What I am saying is: Microsoft went out of their way to shield their partners (OEMs/hardware vendors) from criticism with that BSOD UI change. So it seems unlikely they'd make a change to the "File Locked" UI that would essentially do the same thing: Open up their partners to criticism for their [bad] software (e.g. anti-virus/anti-malware/corporate compliance/etc).
Then tack on that Microsoft's own software may be some misbehaving software; and they'd essentially be telling on themselves.
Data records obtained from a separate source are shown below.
lemma outflow_tendsto_face:
  assumes "x0 \<in> dVB" and "i < \<kappa> x0"
  shows "(\<lambda>n. ((Uwalk V adj dV rho a b c d ^^ n) (Psi0 dV \<alpha>)) (TOut (xs x0 i) 0))
    \<longlonglongrightarrow> (\<Sum>j<\<kappa> x0. ((b * c) \<cdot>\<^sub>m (face_matrix x0 * face_resolvent x0) + d \<cdot>\<^sub>m 1\<^sub>m (\<kappa> x0)) $$ (i, j)
        * \<alpha> (xs x0 j))"
proof -
  interpret boundary_solution V adj dV rho a b c d \<alpha> "\<lambda>x. face_solution \<alpha> x 0"
    by (rule boundary_solution_face_solution)
  let ?S = "(b * c) \<cdot>\<^sub>m (face_matrix x0 * face_resolvent x0) + d \<cdot>\<^sub>m 1\<^sub>m (\<kappa> x0)"
  have "face_matrix x0 \<in> carrier_mat (\<kappa> x0) (\<kappa> x0)" and "face_inflow \<alpha> x0 \<in> carrier_vec (\<kappa> x0)"
    by (simp_all add: face_matrix_def Pmat_carrier face_inflow_def)
  then have "(\<Sum>j<\<kappa> x0. ?S $$ (i, j) * face_inflow \<alpha> x0 $ j)
      = c * face_solution \<alpha> x0 i + d * face_inflow \<alpha> x0 $ i"
    unfolding face_solution_def by (rule scattering_row[OF _ face_resolvent(1) _ assms(2)])
  moreover have "(\<Sum>j<\<kappa> x0. ?S $$ (i, j) * face_inflow \<alpha> x0 $ j) = (\<Sum>j<\<kappa> x0. ?S $$ (i, j) * \<alpha> (xs x0 j))"
    by (rule sum.cong) (simp_all add: face_inflow_def)
  moreover have "face_solution \<alpha> (xs x0 i) 0 = face_solution \<alpha> x0 i"
    using face_solution_shift[OF assms(1) kappa_pos[OF assms(1)], of \<alpha> i] assms(2) by simp
  ultimately show ?thesis
    using outflow_tendsto[OF xf_in_dVB[OF assms(1)], of i] assms(2) by (simp add: Psi_def face_inflow_def)
qed

lemma scattering_on_face:
  assumes "f \<in> faces_ex V adj dV rho" and "x0 \<in> bverts dV rho f"
  shows "let k = kappa dV rho f; xs = xf dV rho x0; w = - (a * d - b * c);
            P = Pmat k (deltaf dV rho x0) w
        in bij_betw xs {..<k} (bverts dV rho f)
         \<and> (\<exists>M \<in> carrier_mat k k. (1\<^sub>m k - a \<cdot>\<^sub>m P) * M = 1\<^sub>m k \<and> M * (1\<^sub>m k - a \<cdot>\<^sub>m P) = 1\<^sub>m k \<and>
             (let S = (b * c) \<cdot>\<^sub>m (P * M) + d \<cdot>\<^sub>m 1\<^sub>m k in
              \<forall>\<alpha>. \<forall>i<k. (\<lambda>n. ((Uwalk V adj dV rho a b c d ^^ n) (Psi0 dV \<alpha>)) (TOut (xs i) 0))
                         \<longlonglongrightarrow> (\<Sum>j<k. S $$ (i, j) * \<alpha> (xs j))))"
proof -
  have x0: "x0 \<in> dVB" and "f = orbit \<sigma> (Isl (rot_prev x0))"
    using face_through_boundary[of f x0] assms by (auto simp: faces_ex_def)
  then have bverts: "bverts dV rho f = orbit nxt x0"
    using bverts_face by simp
  then have kappa: "kappa dV rho f = \<kappa> x0"
    by (simp add: kappa_def)
  have "bij_betw (xs x0) {..<\<kappa> x0} (bverts dV rho f)"
    unfolding bverts using bij_betw_funpow_orbit[OF self_in_orbit_next_bv[OF x0]]
    by (simp add: xf_def [abs_def])
  then show ?thesis
    unfolding Let_def kappa \<omega>_def[symmetric] face_matrix_def[symmetric]
    using face_resolvent outflow_tendsto_face[OF x0] by blast
qed

end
OneDrive in particular, I've seen in that list a lot (but I could write paragraphs on what a turd/abandonware OneDrive is).
But the offending module is not necessarily the module listed in the BSOD. It could be a victim too, one that got its memory corrupted by someone else.
That's one reason why they removed it, because it was causing end users to blame vendors/MS when they often had nothing to do with whatever the problem was.
I believe it was removed actually because it's not a strong indicator of the real fault, there was an old article on this but could only find this more recent summary https://devblogs.microsoft.com/oldnewthing/20250121-00/?p=11...
That’s a reasonable explanation. It would be so easy for them to show the offending application rather than the user closing all applications and it’s still locked and then having to restart Windows.
But they can't be bothered to tell which process is holding it, not even a damn PID. C'mon guys, bare minimum here, and this issue has been there for decades.
It's great you added file locksmith to powertoys but that should be a built in OS feature for many, many years now.
On Linux if a file can't be edited because some process is holding it open you can just mv the file to /tmp and create a new file in its place. The process that has it open is unaffected because the handle is independent of the path.
On Windows a file that is open in an application cannot be moved, plus it won't tell you which process has it open. Yes you can use some sysinternals tool but this is basic info that should be immediately available without installing some additional tools.
> because the handle is independent of the path.
This makes me wonder, what happens when a program uses a file, which more than a single hardlink points to, and you want to remove one of them. Does it matter, through which hardlink the file gets opened or are all the hardlinks prevented from being unlinked?
Hard links are just pointers to the file. You can remove any or all of them independently of each other and the running program. In fact, IIRC there's a semi-common pattern where a program will deliberately create a file, open it, and then unlink it, which leaves it usable but anonymous and in a state that will always be garbage-collected when the program exits.
On Linux you can delete all hardlinks to open files.
What you can't do is modify a file that's executing (program or library), then you get ETXTBSY.
I seem to remember that you could, however, rename the file for a similar effect on Windows.
No, you can't rename a file in use, unless it is explicitly opened with a sharing flag (which most applications don't).
You can also just unlink it.
It feels like the article is repeating information from some other source, but I don’t see such a source linked? (also note that this site is not associated with Microsoft.)
This issue was what had me give up on windows forever and its been around since forever. There are many situations when there is just no way to release files except restart. When the basics don't work nothing else even matters.